The US national debt is already $35t, how much is enough for you guys? You want to push it to $50t with ease.  Keep it up and the USA will go bankrupt one day, and when it does, I will be moving to a long held (and currently unoccupied) family property in New Brunswick, Canada. That is my escape plan, what is yours when the USA goes under and we see Civil War #2 unfold?
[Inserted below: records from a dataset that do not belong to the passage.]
(* Let $0<\alpha\le\frac12$, $0<s_{\min}<s_{\max}\le1$ and $p_{\max}\in(0,1)$, and define $\mu_0,\lambda_k,k_{\min},k_{\max}$ as in the context. Assume the parameters are such that every value handed to an Any-Fit routine by RPAP is at most $1$ (i.e. $p_{\max}s_{\min}\le\mu_0$ and $\ln\frac{1}{1-p_{\max}}\le\lambda_{k_{\min}}$). Let $X_1,\dots,X_n$ be independent items with $X_i\sim\operatorname{Ber}(p_i,s_i)$, $p_i\in(0,1]$, $0<s_i\le s_{\max}$. If RPAP packs them into $M$ bins and an optimal viable packing uses $OPT$ bins, then $$M\le C\cdot OPT+k_{\max}-k_{\min}+3,\qquad C=\frac{1+\alpha}{(1-\alpha)\mu_{\min}},$$ where $\mu_{\min}=\frac12\min\big(p_{\max},\,\mu_0,\,(1-p_{\max})\lambda_{\min}\big)$ and $\lambda_{\min}=\dfrac{1}{\lfloor 1/s_{\max}\rfloor+1}\,Q^{-1}\!\left(\lfloor 1/s_{\max}\rfloor+1,\,1-\alpha\right)$.
   Context: $X\sim\operatorname{Ber}(p,s)$ means $X=s$ with probability $p$ and $0$ otherwise. Bins have capacity $1$; an assignment of independent items to bins is viable if for every bin the sum $B$ of its items satisfies $\mathbb{P}(B>1)\le\alpha$; $OPT$ is the minimum number of bins in a viable assignment. For integer $k\ge1$, $Q(k,\lambda)=\mathbb{P}(\operatorname{Poi}(\lambda)\le k-1)$, and for $\beta\in(0,1)$, $Q^{-1}(k,\beta)$ is the unique $\lambda>0$ with $Q(k,\lambda)=\beta$. An Any-Fit routine packs real values in $[0,1]$ one by one into bins of capacity 1, keeping each bin's total at most 1 and opening a new bin only if the current value fits into no open bin of that routine. Algorithm RPAP: set $k_{\min}=\lfloor1/s_{\max}\rfloor$, $k_{\max}=\lceil1/s_{\min}\rceil-1$, $\lambda_k=Q^{-1}(k+1,1-\alpha)$ for $k_{\min}\le k\le k_{\max}$, and $\mu_0=\frac{2\alpha+s_{\min}-\sqrt{s_{\min}^2+4\alpha s_{\min}}}{2\alpha}$. It maintains separate Any-Fit routines (disjoint sets of bins): one for "confident" items, one for "minor" items, and one for each $k\in\{k_{\min},\dots,k_{\max}\}$. Items are processed online in order: if $p_i>p_{\max}$ the item is packed by the confident routine with value $s_i$; else if $s_i\le s_{\min}$ it is packed by the minor routine with value $p_is_i/\mu_0$; otherwise, with $k=\lfloor1/s_i\rfloor$, it is packed by routine $k$ with value $\ln\!\big(\frac{1}{1-p_i}\big)/\lambda_k$. $M$ is the total number of bins over all routines. *)

theory Defs
  imports "HOL-Probability.Probability"
begin

(* An item Ber(p,s) is represented by the pair (p,s). *)
definition item_pmf :: "real \<times> real \<Rightarrow> real pmf" where
  "item_pmf ps = map_pmf (\<lambda>b. if b then snd ps else 0) (bernoulli_pmf (fst ps))"

fun sum_pmf :: "(real \<times> real) list \<Rightarrow> real pmf" where
  "sum_pmf [] = return_pmf 0"
| "sum_pmf (x # xs) = map_pmf (\<lambda>(a, r). a + r) (pair_pmf (item_pmf x) (sum_pmf xs))"

definition bin_items :: "(real \<times> real) list \<Rightarrow> (nat \<Rightarrow> nat) \<Rightarrow> nat \<Rightarrow> (real \<times> real) list" where
  "bin_items items f b = map (\<lambda>i. items ! i) (filter (\<lambda>i. f i = b) [0..<length items])"

definition viable :: "real \<Rightarrow> (real \<times> real) list \<Rightarrow> (nat \<Rightarrow> nat) \<Rightarrow> bool" where
  "viable \<alpha> items f \<longleftrightarrow>
     (\<forall>b. measure_pmf.prob (sum_pmf (bin_items items f b)) {x. x > 1} \<le> \<alpha>)"

definition num_bins :: "nat \<Rightarrow> (nat \<Rightarrow> nat) \<Rightarrow> nat" where
  "num_bins n f = card (f ` {..<n})"

definition OPT :: "real \<Rightarrow> (real \<times> real) list \<Rightarrow> nat" where
  "OPT \<alpha> items = (LEAST m. \<exists>f. viable \<alpha> items f \<and> num_bins (length items) f = m)"

definition Q :: "nat \<Rightarrow> real \<Rightarrow> real" where
  "Q k lam0 = measure_pmf.prob (poisson_pmf lam0) {..k - 1}"

definition Qinv :: "nat \<Rightarrow> real \<Rightarrow> real" where
  "Qinv k \<beta> = (THE l. l > 0 \<and> Q k l = \<beta>)"

(* Any-Fit packing of the value list vs: item j goes to bin g j; bins are numbered
   0,1,2,... in order of opening. *)
definition load :: "real list \<Rightarrow> (nat \<Rightarrow> nat) \<Rightarrow> nat \<Rightarrow> nat \<Rightarrow> real" where
  "load vs g j b = (\<Sum>i\<in>{i. i < j \<and> g i = b}. vs ! i)"

definition anyfit :: "real list \<Rightarrow> (nat \<Rightarrow> nat) \<Rightarrow> bool" where
  "anyfit vs g \<longleftrightarrow>
     (\<forall>j < length vs.
        g j \<le> card (g ` {..<j})
      \<and> load vs g j (g j) + vs ! j \<le> 1
      \<and> (g j = card (g ` {..<j}) \<longrightarrow>
           (\<forall>b < card (g ` {..<j}). load vs g j b + vs ! j > 1)))"

datatype rclass = Confident | Minor | Regular nat

definition mu0 :: "real \<Rightarrow> real \<Rightarrow> real" where
  "mu0 \<alpha> smin = (2 * \<alpha> + smin - sqrt (smin ^ 2 + 4 * \<alpha> * smin)) / (2 * \<alpha>)"

definition kmin :: "real \<Rightarrow> nat" where
  "kmin smax = nat \<lfloor>1 / smax\<rfloor>"

definition kmax :: "real \<Rightarrow> nat" where
  "kmax smin = nat (\<lceil>1 / smin\<rceil> - 1)"

definition lam :: "real \<Rightarrow> nat \<Rightarrow> real" where
  "lam \<alpha> k = Qinv (k + 1) (1 - \<alpha>)"

definition rclass_of :: "real \<Rightarrow> real \<Rightarrow> real \<times> real \<Rightarrow> rclass" where
  "rclass_of pmax smin x =
     (if fst x > pmax then Confident
      else if snd x \<le> smin then Minor
      else Regular (nat \<lfloor>1 / snd x\<rfloor>))"

definition rvalue :: "real \<Rightarrow> real \<Rightarrow> real \<Rightarrow> real \<times> real \<Rightarrow> real" where
  "rvalue \<alpha> pmax smin x =
     (case rclass_of pmax smin x of
        Confident \<Rightarrow> snd x
      | Minor \<Rightarrow> fst x * snd x / mu0 \<alpha> smin
      | Regular k \<Rightarrow> ln (1 / (1 - fst x)) / lam \<alpha> k)"

definition routine_input :: "real \<Rightarrow> real \<Rightarrow> real \<Rightarrow> (real \<times> real) list \<Rightarrow> rclass \<Rightarrow> real list" where
  "routine_input \<alpha> pmax smin items c =
     map (rvalue \<alpha> pmax smin) (filter (\<lambda>x. rclass_of pmax smin x = c) items)"

definition rclasses :: "real \<Rightarrow> real \<Rightarrow> rclass set" where
  "rclasses smin smax = {Confident, Minor} \<union> Regular ` {kmin smax..kmax smin}"

definition rpap_bins :: "real \<Rightarrow> real \<Rightarrow> real \<Rightarrow> real \<Rightarrow> (real \<times> real) list
                          \<Rightarrow> (rclass \<Rightarrow> nat \<Rightarrow> nat) \<Rightarrow> nat" where
  "rpap_bins \<alpha> pmax smin smax items G =
     (\<Sum>c\<in>rclasses smin smax. num_bins (length (routine_input \<alpha> pmax smin items c)) (G c))"

definition rpap_run :: "real \<Rightarrow> real \<Rightarrow> real \<Rightarrow> real \<Rightarrow> (real \<times> real) list
                          \<Rightarrow> (rclass \<Rightarrow> nat \<Rightarrow> nat) \<Rightarrow> bool" where
  "rpap_run \<alpha> pmax smin smax items G \<longleftrightarrow>
     (\<forall>c\<in>rclasses smin smax. anyfit (routine_input \<alpha> pmax smin items c) (G c))"

end

theory Submission
  imports Defs
begin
Can you explain how?  This isn't like a regular person with regular bills.  Do you know how our debt is issued?  Are you aware of intragovernmental debt (currently 27% of the total debt).  Do you agree with reducing revenue before reducing spending?



To the privileged, equality feels like oppression. 

Sometimes you're just so late to the party and everyone else already said what you were going to say, only so much better.

I'll just say that I will never cease to be amazed by people that treat a country's national debt like it's their own personal debt whenever the subject is about programs and policies they don't understand or don't think (the keyword is think; you MFers ain't rich) will benefit them. They act like mafia loan sharks will be beating down their own door if the president they didn't vote for doesn't pay up those trillions in 48 hours.



burninmylight said:

Sometimes you're just so late to the party and everyone else already said what you were going to say, only so much better.

I'll just say that I will never cease to be amazed by people that treat a country's national debt like it's their own personal debt whenever the subject is about programs and policies they don't understand or don't think (the keyword is think; you MFers ain't rich) will benefit them. They act like mafia loan sharks will be beating down their own door if the president they didn't vote for doesn't pay up those trillions in 48 hours.

Yep, I can’t count the times I’ve heard my dad or my boomer coworkers say something like, “what’s gonna happen when the debt comes due?!?!?” Like it’s some kind of gotcha and I’m like is China gonna show up with a baseball bat demanding it’s money back?

I like to compare these things to personal situations to show how dumb their arguments are. As long as you are making your monthly mortgage payments, do you have to worry about the bank taking your house?



When the herd loses its way, the shepard must kill the bull that leads them astray.